Toutefois, les États membres se plaignent de l’impossibilité de procéder aux retours. « Ils doivent être acceptés dans leur pays d’origine et aujourd’hui, c’est souvent quelque chose d’extrêmement difficile », a déclaré le Premier ministre belge Alexander de Croo après l’attentat. Sa ministre de l’Intérieur, Annelies Verlinden, a demandé à Luxembourg que L’UE utilise tous ses moyens de pression pour signer des accords de rapatriement, car la Belgique à elle seule n’a pas assez de pouvoir pour négocier. « Si certains pays d’Afrique du Nord n’acceptent pas leurs propres citoyens, nous avons un problème », a-t-il déploré.
La politique de retour des migrants irréguliers est l’un des une grande affaire inachevée pour l’UE. Sur les 400 000 arrêtés d’expulsion émis chaque année en Europe jusqu’à présent en 2023, seuls 65 000 ont été exécutés, selon les dernières données fournies par le commissaire suédois aux affaires intérieures. Ylva Johansson. Johansson souligne cependant que ce chiffre représente une amélioration de 20% par rapport à l’année précédente et assure que Bruxelles serrera la vis et limitera les visas aux pays qui n’acceptent pas les rapatriements.
L’autre grand sujet de préoccupation des ministres de l’Intérieur est la radicalisation via Internet et les réseaux sociaux. Contrairement à la grande crise terroriste de 2014-2016, La principale menace désormais ne vient pas des réseaux organisés mais des « loups solitaires » comme celui qui a attaqué à Bruxelles. Pour le ministre français de l’Intérieur, ce changement de schéma nécessite des modifications juridiques permettant aux forces de sécurité et aux services de renseignement de accéder à des services de messagerie cryptés tels que Whatsapp, Telegram ou Signal.

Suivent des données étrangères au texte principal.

definition tame_cutoff :: "(real \<Rightarrow> real) \<Rightarrow> bool" where
  "tame_cutoff chi \<longleftrightarrow> (\<forall>k x. 0 < x \<longrightarrow> ((deriv ^^ k) chi) differentiable (at x)) \<and>
     (\<forall>k m. \<exists>B. \<forall>x>0. \<bar>(deriv ^^ k) chi x * x ^ m\<bar> \<le> B)"

text \<open>Closure of the symbols under these operations is proved by coinduction up to them.\<close>
inductive symbol_expr :: "kin_fun \<Rightarrow> bool" where
  symbol: "symbol F \<Longrightarrow> symbol_expr F"
| cong: "symbol F \<Longrightarrow> (\<forall>c q \<omega> p. in_region c q \<omega> p \<longrightarrow> F c q \<omega> p = G c q \<omega> p) \<Longrightarrow> symbol_expr G"
| const: "poly_bounded (\<lambda>c q \<omega> p. k c q \<omega>) \<Longrightarrow> symbol_expr (\<lambda>c q \<omega> p. k c q \<omega>)"
| add: "symbol_expr F \<Longrightarrow> symbol_expr G \<Longrightarrow> symbol_expr (\<lambda>c q \<omega> p. F c q \<omega> p + G c q \<omega> p)"
| mult: "symbol_expr F \<Longrightarrow> symbol_expr G \<Longrightarrow> symbol_expr (\<lambda>c q \<omega> p. F c q \<omega> p * G c q \<omega> p)"
| inverse: "symbol F \<Longrightarrow> poly_lower_bounded F \<Longrightarrow> symbol_expr (\<lambda>c q \<omega> p. inverse (F c q \<omega> p))"
| sqrt: "symbol F \<Longrightarrow> poly_lower_bounded F \<Longrightarrow> symbol_expr (\<lambda>c q \<omega> p. sqrt (F c q \<omega> p))"
| en_powr: "poly_bounded (\<lambda>c q \<omega> p. K c q \<omega> * en c p powr e) \<Longrightarrow>
    symbol_expr (\<lambda>c q \<omega> p. K c q \<omega> * en c p powr e)"
| p_nth: "symbol_expr (\<lambda>c q \<omega> p. p $ j / en c p)"
| cutoff: "tame_cutoff chi \<Longrightarrow> (\<forall>c q \<omega> p. in_region c q \<omega> p \<longrightarrow> 0 < F c q \<omega> p) \<Longrightarrow>
    (\<forall>i. \<exists>D. symbol D \<and> has_scaled_pderiv F i (\<lambda>c q \<omega> p. F c q \<omega> p * D c q \<omega> p)) \<Longrightarrow>
    symbol_expr (\<lambda>c q \<omega> p. (deriv ^^ k) chi (F c q \<omega> p) * F c q \<omega> p ^ m)"
(* Let $G=(V,E)$ be an undirected graph, $k$ a positive integer, and $f:V\to\mathbb{Z}\cup\{-\infty\}$, $g:V\to\mathbb{Z}\cup\{+\infty\}$ with $f\le g$. A $k$-edge-connected $(f,g)$-bounded orientation $D$ of $G$ is decreasingly minimal among all $k$-edge-connected $(f,g)$-bounded orientations of $G$ if and only if there are no two nodes $s,t$ for which $\varrho_D(t)\ge\varrho_D(s)+2$, $\varrho_D(t)>f(t)$, $\varrho_D(s)<g(s)$, and $D$ contains $k+1$ arc-disjoint directed paths from $s$ to $t$.
   Context: $\varrho_D(v)$ is the number of arcs with head $v$; $D$ is $(f,g)$-bounded if $f(v)\le\varrho_D(v)\le g(v)$ for all $v$; $D$ is $k$-edge-connected if every non-empty proper subset of $V$ has at least $k$ entering arcs. Decreasingly minimal: in-degree vector with largest component as small as possible within the class, then second largest, etc. *)

theory Defs
  imports Complex_Main "HOL-Library.Extended_Real" "HOL-Library.Multiset"
begin

text \<open>An undirected multigraph G = (V, E): a finite vertex set V, a finite edge
  index set E, and for each edge e its two end-nodes ends e (an unordered pair,
  given as an ordered pair whose order is immaterial).  An orientation D assigns
  to each edge a direction: D e = True orients e from fst (ends e) to snd (ends e),
  D e = False orients it the other way.\<close>

definition tail :: "('e \<Rightarrow> 'a \<times> 'a) \<Rightarrow> ('e \<Rightarrow> bool) \<Rightarrow> 'e \<Rightarrow> 'a" where
  "tail ends D e = (if D e then fst (ends e) else snd (ends e))"
lemma integrable_col_sqnorm:
  assumes k: "k \<in> {1..K}"
  shows "integrable (H_dist M K) (col_sqnorm M k)"
proof (rule integrableI_nonneg)
  have entry: "(\<integral>\<^sup>+H. ennreal ((cmod (H (m, k)))\<^sup>2) \<partial>H_dist M K) = 1" if "m \<in> {1..M}" for m
    using nn_integral_PiM_CN_std_linear[of "{1..M} \<times> {1..K}" "{(m, k)}" "\<lambda>_. 1"] that k
    by (simp add: H_dist_def)
  have "(\<integral>\<^sup>+H. ennreal (col_sqnorm M k H) \<partial>H_dist M K)
      = (\<integral>\<^sup>+H. (\<Sum>m\<in>{1..M}. ennreal ((cmod (H (m, k)))\<^sup>2)) \<partial>H_dist M K)"
    by (simp add: col_sqnorm_def sum_ennreal)
  also have "\<dots> = (\<Sum>m\<in>{1..M}. (\<integral>\<^sup>+H. ennreal ((cmod (H (m, k)))\<^sup>2) \<partial>H_dist M K))"
    using measurable_H_dist_entry[OF _ k] by (intro nn_integral_sum) auto
  finally show "(\<integral>\<^sup>+H. ennreal (col_sqnorm M k H) \<partial>H_dist M K) < \<infinity>"
    by (simp add: entry of_nat_less_top)
qed (simp_all add: col_sqnorm_nonneg measurable_col_sqnorm[OF k])

definition inv_sinr :: "nat \<Rightarrow> real \<Rightarrow> (nat \<Rightarrow> real) \<Rightarrow> nat set \<Rightarrow> nat \<Rightarrow> (nat \<times> nat \<Rightarrow> complex) \<Rightarrow> real"
  where "inv_sinr M \<rho> \<beta> T k H =
    (\<rho> * (\<Sum>i\<in>T. (cmod (ginner M \<beta> H k i))\<^sup>2) + 1) / (\<rho> * (gnorm2 M \<beta> H k)\<^sup>2)"

lemma measurable_inv_sinr:
  assumes k: "k \<in> {1..K}" and T: "T \<subseteq> {1..K}"
  shows "inv_sinr M \<rho> \<beta> T k \<in> borel_measurable (H_dist M K)"
proof -
  have [measurable]: "(\<lambda>H. H (m, j)) \<in> borel_measurable (H_dist M K)"
    if "m \<in> {1..M}" "j \<in> insert k T" for m j
    using that k T by (intro measurable_H_dist_entry) auto
  show ?thesis
    unfolding inv_sinr_def[abs_def] ginner_def gnorm2_def gcol_def
    by (intro borel_measurable_divide borel_measurable_add borel_measurable_times
        borel_measurable_sum borel_measurable_power borel_measurable_norm; measurable)
qed

lemma inv_sinr_eq:
  assumes \<rho>: "\<rho> > 0" and \<beta>: "\<beta> k > 0" "\<forall>i\<in>T. \<beta> i \<ge> 0" and a: "col_sqnorm M k H > 0"
  shows "inv_sinr M \<rho> \<beta> T k H
    = (\<Sum>i\<in>T. \<beta> i / \<beta> k * (col_inner_sqnorm M k i H * (1 / (col_sqnorm M k H)\<^sup>2)))
      + 1 / (\<rho> * (\<beta> k)\<^sup>2) * (1 / (col_sqnorm M k H)\<^sup>2)"
proof -
  let ?a = "col_sqnorm M k H"
  have "(\<Sum>i\<in>T. (cmod (ginner M \<beta> H k i))\<^sup>2) = (\<Sum>i\<in>T. \<beta> k * \<beta> i * col_inner_sqnorm M k i H)"
    using \<beta> by (intro sum.cong refl cmod_ginner_sq_eq_col_inner_sqnorm) auto
  then have "inv_sinr M \<rho> \<beta> T k H
      = (\<Sum>i\<in>T. \<beta> k * \<beta> i * col_inner_sqnorm M k i H) / (\<beta> k * ?a)\<^sup>2 + 1 / (\<rho> * (\<beta> k * ?a)\<^sup>2)"
    using \<rho> \<beta> by (simp add: inv_sinr_def gnorm2_eq_col_sqnorm add_divide_distrib)
  also have "(\<Sum>i\<in>T. \<beta> k * \<beta> i * col_inner_sqnorm M k i H) / (\<beta> k * ?a)\<^sup>2
      = (\<Sum>i\<in>T. \<beta> i / \<beta> k * (col_inner_sqnorm M k i H * (1 / ?a\<^sup>2)))"
    unfolding sum_divide_distrib using \<beta> by (intro sum.cong refl) (simp add: power2_eq_square)
  also have "1 / (\<rho> * (\<beta> k * ?a)\<^sup>2) = 1 / (\<rho> * (\<beta> k)\<^sup>2) * (1 / ?a\<^sup>2)"
    by (simp add: power_mult_distrib)
  finally show ?thesis .
qed
(* $$\lim_{p\downarrow0}\ \limsup_{n\to\infty}\frac{H_n(p)}{n}=0\quad\text{a.s.}$$
   Context: Bernoulli hail graph $\mathcal G(p)$, $p\in(0,1]$: nodes are pairs $(i,n)$, $i\in\mathbb Z$, $n\in\{1,2,\dots\}$. First define $\mathcal G(1)$: for each $n$ and $i$, independently, there is either an edge $(i,n)\to(i+1,n)$ or an edge $(i+1,n)\to(i,n)$, each with probability $1/2$ (spatial edges); for all $i$ and $n\ge2$ there are edges $(i,n)\to(i-1,n-1)$, $(i,n)\to(i,n-1)$, $(i,n)\to(i+1,n-1)$ (time edges). $\mathcal G(p)$ is obtained by coloring each node black with probability $p$ and white with probability $1-p$, independently of everything else; for each white node, its outgoing spatial edges are deleted and its time edges to $(i\pm1,n-1)$ are deleted (only $(i,n)\to(i,n-1)$ is kept). The graphs for different $p$ are naturally coupled (e.g. via uniform variables for the colors) so that $\mathcal G(p)\subseteq\mathcal G(q)$ for $p\le q$. A path is a sequence of nodes joined by directed edges present in $\mathcal G(p)$. The height of a black node is $1$, of a white node $0$; the height of a path is the sum of heights of its nodes. $H^i_n=H^i_n(p)$ is the maximal height of all paths of $\mathcal G(p)$ starting from $(i,n)$; its law does not depend on $i$ and we write $H_n=H_n(p)$. *)

theory Defs
  imports "HOL-Probability.Probability"
begin

type_synonym node = "int \<times> nat"
type_synonym env = "node \<Rightarrow> real \<times> bool"

text \<open>Randomness: each node (i,n) carries an independent pair (U, D), where U is uniform on [0,1]
 (colour: black in G(p) iff U \<le> p) and D is a fair coin (True: spatial edge (i,n)->(i+1,n),
 False: spatial edge (i+1,n)->(i,n)). Nodes with n = 0 carry unused variables.\<close>
definition hail_space :: "env measure" where
  "hail_space = PiM UNIV (\<lambda>_. uniform_measure lborel {0..1::real} \<Otimes>\<^sub>M measure_pmf (bernoulli_pmf (1/2)))"

definition black :: "real \<Rightarrow> env \<Rightarrow> node \<Rightarrow> bool" where
  "black p \<omega> x \<longleftrightarrow> fst (\<omega> x) \<le> p"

Quoi qu’il en soit, les gouvernements de l’UE conviennent que la principale mesure de prévention serait de réduire les tensions et de canaliser le conflit au Moyen-Orient. « Malheureusement, ce conflit devient un conflit entre le monde musulman et le monde chrétien, ce que nous ne pouvons pas permettre. Parce que la sécurité de nos rues en dépend« , le chef de la diplomatie communautaire, Josep Borrell, a prévenu.